For analysis of RBP-regulated ASEs, Student’s t test was applied to evaluate the significance of the alteration ratio of ASEs. A false discovery rate (FDR) of 0.05 was set as the significance cutoff.
Validation of DEGs and ASEs by RT–qPCR
To confirm the results of RNA-seq-based identification of DEGs in A549 cells, some DEGs were selected for verification by RT–qPCR. Information on the primers is shown in Table 1. A549 cells transfected with DDX17 siRNA were harvested after 48 h for RT–qPCR analysis. cDNA was synthesized from RNA using M-MLV Reverse Transcriptase (Vazyme). RT–qPCR was carried out on a StepOne RealTime PCR System using HieffTM qPCR SYBR® Green Master Mix (Low Rox Plus; Shanghai Yeasen Corporation, Shanghai, China). The thermal cycling conditions used for PCR were as follows: denaturation at 95°C for 5 min, followed by 40 cycles of denaturation at 95°C for 15 sec and annealing and extension at 60°C for 30 sec. PCR amplification was performed in triplicate for each sample.
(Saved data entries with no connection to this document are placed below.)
text \<open>Let d(k) = dim L_k(S). Since L_p(S) L_q(S) \<subseteq> L_(p+q)(S), a space L_k(S) with k \<ge> 1
  and L_(2k)(S) = L_k(S) is closed under products and hence is the whole algebra; so
  d(k) < d(2k) whenever 1 \<le> k < l(S), and likewise d(0) < d(1). If l(S) = 2^(n-2), the chain
  d(1) < d(2) < d(4) < ... < d(2^(n-2)) = n starts at d(1) \<ge> 2 and must rise by exactly one
  at each step; doubling an arbitrary k until it passes 2^(n-2) then pins down
  d(k) = t + 2 for 2^t \<le> k < 2^(t+1). So the dimension jumps by one exactly at the powers
  of two, which is the claimed characteristic sequence.\<close>

lemma doubling_growth_determines_values:
  fixes d :: "nat \<Rightarrow> nat"
  assumes mono: "mono d" and d1: "2 \<le> d 1"
    and doubling: "\<And>k. 1 \<le> k \<Longrightarrow> k < 2 ^ m \<Longrightarrow> d k < d (2 * k)"
    and bounded: "\<And>k. d k \<le> m + 2"
    and k: "2 ^ t \<le> k" "k < 2 ^ Suc t" "k \<le> 2 ^ m"
  shows "d k = t + 2"
proof -
  have iterated: "d i + j \<le> d (2 ^ j * i)" if "1 \<le> i" "2 ^ j * i \<le> 2 ^ m" for i j
    using that(2)
  proof (induction j)
    case 0
    then show ?case by simp
  next
    case (Suc j)
    have "2 ^ j * i < 2 ^ Suc j * i"
      using that(1) by simp
    then have "2 ^ j * i < 2 ^ m"
      using Suc.prems by linarith
    then show ?case
      using Suc.IH doubling[of "2 ^ j * i"] that(1) by (simp add: mult.assoc)
  qed
  have "1 \<le> k"
    using k(1) order_trans[OF one_le_power[of "2::nat" t]] by simp
  have "t \<le> m"
    using k(1,3) power_increasing_iff[of "2::nat" t m] by linarith
  have "t + 2 \<le> d k"
  proof -
    have "d 1 + t \<le> d (2 ^ t)"
      using iterated[of 1 t] k by (simp add: \<open>t \<le> m\<close>)
    also have "\<dots> \<le> d k"
      using mono k(1) by (rule monoD)
    finally show ?thesis
      using d1 by simp
  qed
  moreover have "d k \<le> t + 2"
  proof (cases "t = m")
    case True
    then show ?thesis using bounded by simp
  next
    case False
    define j where "j = m - Suc t"
    have "2 ^ j * k < 2 ^ j * 2 ^ Suc t"
      using k(2) by simp
    also have "\<dots> = 2 ^ (j + Suc t)"
      by (simp only: power_add)
    also have "\<dots> = 2 ^ m"
      using \<open>t \<le> m\<close> False by (simp add: j_def)
    finally have below: "2 ^ j * k < 2 ^ m" .
    have "d k + j \<le> d (2 ^ j * k)"
      using iterated \<open>1 \<le> k\<close> below by simp
    also have "\<dots> < d (2 * (2 ^ j * k))"
      using doubling \<open>1 \<le> k\<close> below by simp
    also have "\<dots> \<le> m + 2"
      by (rule bounded)
    finally show ?thesis
      using \<open>t \<le> m\<close> False by (simp add: j_def)
  qed
  ultimately show ?thesis
    by simp
qed

lemma concat_replicate_dyadic_increments:
  fixes d :: "nat \<Rightarrow> nat"
  assumes "d 0 = 1"
    and "\<And>t k. 2 ^ t \<le> k \<Longrightarrow> k < 2 ^ Suc t \<Longrightarrow> k \<le> 2 ^ m \<Longrightarrow> d k = t + 2"
  shows "concat (map (\<lambda>k. replicate (d k - d (k - 1)) k) [1..<Suc (2 ^ m)])
    = map (\<lambda>h. 2 ^ (h - 1)) [1..<m + 2]"
  using assms(2)
proof (induction m)
  case 0
  have "d 1 = 2"
    using 0[of 0 1] by simp
  then show ?case
    using assms(1) by simp
next
  case (Suc m)
  let ?incr = "\<lambda>k. replicate (d k - d (k - 1)) k"
  have split: "[1..<Suc (2 ^ Suc m)] = [1..<Suc (2 ^ m)] @ [Suc (2 ^ m)..<2 ^ Suc m] @ [2 ^ Suc m]"
    using upt_add_eq_append[of 1 "Suc (2 ^ m)" "2 ^ m - 1"] by (simp add: mult_2 Suc_leI)
  have IH: "concat (map ?incr [1..<Suc (2 ^ m)]) = map (\<lambda>h. 2 ^ (h - 1)) [1..<m + 2]"
    using Suc.prems by (intro Suc.IH) auto
  have plateau: "concat (map ?incr [Suc (2 ^ m)..<2 ^ Suc m]) = []"
    using Suc.prems[of m] by (auto simp: concat_eq_Nil_conv)
  have jump: "concat (map ?incr [2 ^ Suc m]) = [2 ^ Suc m]"
    using Suc.prems[of m "2 ^ Suc m - 1"] Suc.prems[of "Suc m" "2 ^ Suc m"] by simp
  have "concat (map ?incr [1..<Suc (2 ^ Suc m)]) = map (\<lambda>h. 2 ^ (h - 1)) [1..<m + 2] @ [2 ^ Suc m]"
    unfolding split map_append concat_append IH plateau jump by simp
  also have "\<dots> = map (\<lambda>h. 2 ^ (h - 1)) [1..<Suc m + 2]"
    by simp
  finally show ?case .
qed

locale unital_nonassoc_algebra = vector_space scale
  for scale :: "'f::field \<Rightarrow> 'v::ab_group_add \<Rightarrow> 'v" +
  fixes mult :: "'v \<Rightarrow> 'v \<Rightarrow> 'v" and one :: 'v
  assumes unital_algebra: "unital_algebra scale mult one"
begin

abbreviation L :: "'v set \<Rightarrow> nat \<Rightarrow> 'v set" where
  "L \<equiv> Lsp scale mult one"

abbreviation words :: "'v set \<Rightarrow> nat \<Rightarrow> 'v set" where
  "words S i \<equiv> {w. \<exists>k\<le>i. is_word mult one S w k}"

lemma linear_mult_right: "Vector_Spaces.linear scale scale (mult a)"
  using unital_algebra unfolding unital_algebra_def Vector_Spaces.linear_iff by blast

lemma linear_mult_left: "Vector_Spaces.linear scale scale (\<lambda>a. mult a b)"
  using unital_algebra unfolding unital_algebra_def Vector_Spaces.linear_iff by blast

lemma one_mult [simp]: "mult one a = a"
  and mult_one [simp]: "mult a one = a"
  using unital_algebra unfolding unital_algebra_def by blast+

lemma mult_zero_left [simp]: "mult 0 b = 0"
  using module_hom.zero[OF linear_mult_left[of b, folded module_hom_iff_linear]] .

lemma Lsp_eq_span_words: "L S i = span (words S i)"
  by (simp add: Lsp_def)

lemma is_word_0D: "is_word mult one S w 0 \<Longrightarrow> w = one"
  by (erule is_word.cases) auto

lemma Lsp_0: "L S 0 = span {one}"
proof -
  have "words S 0 = {one}"
    using is_word_0D is_word.empty by auto
  then show ?thesis
    by (simp add: Lsp_eq_span_words)
qed

lemma Lsp_mono: "i \<le> j \<Longrightarrow> L S i \<subseteq> L S j"
  unfolding Lsp_eq_span_words by (rule span_mono) (auto intro: le_trans)

lemma is_word_in_Lsp: "is_word mult one S w k \<Longrightarrow> k \<le> i \<Longrightarrow> w \<in> L S i"
  unfolding Lsp_eq_span_words by (rule span_base) auto

lemma words_mult_in_Lsp:
  assumes "u \<in> words S p" "v \<in> words S q"
  shows "mult u v \<in> L S (p + q)"
proof -
  obtain i j where i: "i \<le> p" "is_word mult one S u i" and j: "j \<le> q" "is_word mult one S v j"
    using assms by blast
  consider "i = 0" | "j = 0" | "1 \<le> i" "1 \<le> j"
    by linarith
  then show ?thesis
  proof cases
    case 1
    then show ?thesis
      using i j is_word_0D[of S u] is_word_in_Lsp[of S v j] by simp
  next
    case 2
    then show ?thesis
      using i j is_word_0D[of S v] is_word_in_Lsp[of S u i] by simp
  next
    case 3
    then show ?thesis
      using is_word.prod[OF i(2) j(2)] i j is_word_in_Lsp by simp
  qed
qed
The RNA expression levels of all genes were normalized to the expression level of GAPDH.
Functional enrichment analysis
To comprehensively assess the biological functions of DEGs, Gene Ontology (GO) term and Kyoto Encyclopedia of Genes and Genomes (KEGG) pathway enrichment analyses were performed with the KOBAS 2.0 server 69. The enrichment of each term was determined using the hypergeometric test and Benjamini–Hochberg procedure to control the FDR.